The April monetary survey showed M2 growth accelerated slightly to 9.7% y/y in April from 9.5% in March. The main driver was growth in narrow money (M1) as cash in circulation surged 21.9% y/y (16.6% y/y in March) and demand deposits grew 8.5% y/y in April (4.2% y/y in March). Government deposits increased m/m but were down -4.6% y/y.
Private sector credit growth declined -0.5% m/m and -0.4% y/y. Average private sector credit growth in the first four months of this year was -0.1% y/y, despite more liquidity being made available to banks to help mitigate the impact of the coronavirus on the economy.
The breakdown of domestic credit for all banks shows that 45% of domestic lending is to the business & industrial sector, where loan growth as averaged 1.3% since the start of the year. This is much slower than average loan growth of 5.7% y/y in the first four months of 2019. As expected, m/m loan growth to this segment did spike in March 2020, but surprisingly declined -0.5% m/m in April.

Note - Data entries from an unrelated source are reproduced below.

lemma matrix_bundle_nonempty:
  assumes valid: "valid_bundle_data n Ss"
  obtains B where "B \<in> matrix_bundle n Ss"
proof -
  let ?L = "length Ss"
  define block where "block l = map (\<lambda>s. (s, complex_of_nat l)) (sorted_list_of_multiset (Ss ! l))" for l
  define n_as where "n_as = concat (map block [0..<?L])"
  define ls where "ls = map complex_of_nat [0..<?L]"
  have mset_block: "image_mset fst (mset (block l)) = Ss ! l" for l
    by (simp add: block_def multiset.map_comp o_def)
  have "mset (map fst n_as) = (\<Sum>l\<leftarrow>[0..<?L]. Ss ! l)"
    unfolding n_as_def by (simp add: map_concat mset_concat o_def mset_block)
  also have "\<dots> = sum_list Ss"
    by (metis map_nth)
  finally have mset_n_as: "mset (map fst n_as) = sum_list Ss" .
  have "sum_list (map fst n_as) = sum_mset (sum_list Ss)"
    by (metis mset_n_as sum_mset_sum_list)
  also have "\<dots> = (\<Sum>S\<leftarrow>Ss. sum_mset S)"
    by (induction Ss) auto
  also have "\<dots> = n"
    using valid unfolding valid_bundle_data_def by simp
  finally have B: "jordan_matrix n_as \<in> carrier_mat n n"
    using jordan_matrix_carrier by metis
  have "0 \<notin> fst ` set n_as"
    using valid arg_cong[OF mset_n_as, of set_mset] unfolding valid_bundle_data_def
    by (auto simp: set_mset_sum_list)
  then have jnf: "jordan_nf (jordan_matrix n_as) n_as"
    unfolding jordan_nf_def using similar_mat_refl[OF B] by simp
  have "snd ` set (block l) = {complex_of_nat l}" if "l < ?L" for l
    using valid nth_mem[OF that] unfolding block_def valid_bundle_data_def
    by (simp add: image_image image_constant_conv)
  then have "snd ` set n_as = set ls"
    unfolding n_as_def ls_def by (simp add: image_UN atLeast0LessThan) blast
  then have eigenvalues: "set ls = {c. eigenvalue (jordan_matrix n_as) c}"
    using eigenvalue_iff_jordan_nf[OF B jnf] by auto
  have segre: "segre (jordan_matrix n_as) (ls ! l) = Ss ! l" if "l < ?L" for l
    using segre_jordan_nf[OF jnf] mset_map_fst_filter_blocks[of complex_of_nat Ss l] that
    unfolding n_as_def block_def ls_def by (simp add: inj_on_def)
  have "length ls = ?L" "distinct ls"
    unfolding ls_def by (simp_all add: distinct_map inj_on_def)
  then have "jordan_matrix n_as \<in> matrix_bundle n Ss"
    unfolding matrix_bundle_def using B eigenvalues segre by (intro CollectI conjI exI[of _ ls]) auto
  then show thesis ..
qed

lemma sum_min_deg_seq_le_if_mem_closure:
  assumes valid_S: "valid_bundle_data n Ss" and valid_T: "valid_bundle_data n Ts"
    and B: "B \<in> matrix_bundle n Ss" and closure: "B \<in> mat_closure n (matrix_bundle n Ts)"
  shows "(\<Sum>i<n. min (deg_seq Ts i) m) \<le> (\<Sum>i<n. min (deg_seq Ss i) m)"
proof -
  obtain X where X: "\<And>k. X k \<in> matrix_bundle n Ts" and lim: "mat_tendsto n X B"
    and B_carrier: "B \<in> carrier_mat n n"
    using closure unfolding mat_closure_def mat_tendsto_def by blast
  have X_carrier: "X k \<in> carrier_mat n n" for k
    using X unfolding matrix_bundle_def by blast
  have "\<exists>\<mu>s. length \<mu>s = m \<and> set \<mu>s \<subseteq> insert 0 {c. eigenvalue (X k) c} \<and>
      (\<Sum>i<n. min (deg_seq Ts i) m) \<le> kernel_dim (char_matrix_prod (X k) \<mu>s)" for k
    by (rule ex_kernel_dim_ge_sum_min_deg_seq[OF valid_T X]) blast
  then obtain \<mu>s where \<mu>s: "\<And>k. length (\<mu>s k) = m" "\<And>k. set (\<mu>s k) \<subseteq> insert 0 {c. eigenvalue (X k) c}"
    "\<And>k. (\<Sum>i<n. min (deg_seq Ts i) m) \<le> kernel_dim (char_matrix_prod (X k) (\<mu>s k))"
    by metis
  obtain K where "0 \<le> K" and K: "\<And>k e. eigenvalue (X k) e \<Longrightarrow> cmod e \<le> K"
    using eigenvalues_bounded_if_mat_tendsto[OF X_carrier lim] by blast
  have "cmod (\<mu>s k ! r) \<le> K" if "r \<in> {..<m}" for k r
  proof -
    have "\<mu>s k ! r \<in> insert 0 {c. eigenvalue (X k) c}"
      using \<mu>s(1,2) that by (metis lessThan_iff nth_mem subsetD)
    then show ?thesis
      using \<open>0 \<le> K\<close> K by auto
  qed
  then obtain \<sigma> g where \<sigma>: "strict_mono \<sigma>" "\<forall>r\<in>{..<m}. (\<lambda>k. \<mu>s (\<sigma> k) ! r) \<longlonglongrightarrow> g r"
    using convergent_subsequence_finite[of "{..<m}" "\<lambda>k r. \<mu>s k ! r" K] by blast
  define \<mu> where "\<mu> = map g [0..<m]"
  have "mat_tendsto n (\<lambda>k. char_matrix_prod (X (\<sigma> k)) (\<mu>s (\<sigma> k))) (char_matrix_prod B \<mu>)"
    by (rule mat_tendsto_char_matrix_prod[OF X_carrier B_carrier mat_tendsto_subseq[OF lim \<sigma>(1)]])
      (use \<mu>s(1) \<sigma>(2) in \<open>simp_all add: \<mu>_def\<close>)
  then have "(\<Sum>i<n. min (deg_seq Ts i) m) \<le> kernel_dim (char_matrix_prod B \<mu>)"
    by (rule kernel_dim_ge_if_mat_tendsto[OF char_matrix_prod_carrier[OF X_carrier]
          char_matrix_prod_carrier[OF B_carrier] _ \<mu>s(3)])
  also have "\<dots> \<le> (\<Sum>i<n. min (deg_seq Ss i) m)"
    using kernel_dim_le_sum_min_deg_seq[OF valid_S B, of \<mu>] by (simp add: \<mu>_def)
  finally show ?thesis .
qed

Credit to retail borrowers has been contracting on an annual basis since February 2019, and this trend didn’t change in March and April. In fact, lending to retail accounts declined m/m in both March and April despite widespread salary cuts, and some redundancies. Consumers have continued to deleverage.
Loans to public sector entities (excluding government) have been the main driver of overall bank lending during the peak of the coronavirus disruption, rising 8.7% m/m in March and another 8.1% m/m (26.6% y/y) in April. Gross lending to public sector borrowers rose AED 32.5bn between end-February and end-April 2020, compared to a AED 3.6bn increase in loans to private all sector entities combined.
Growth in loans to government has slowed since the start of the year but remains significantly faster than loan growth to the private sector, at 14.8% y/y in April.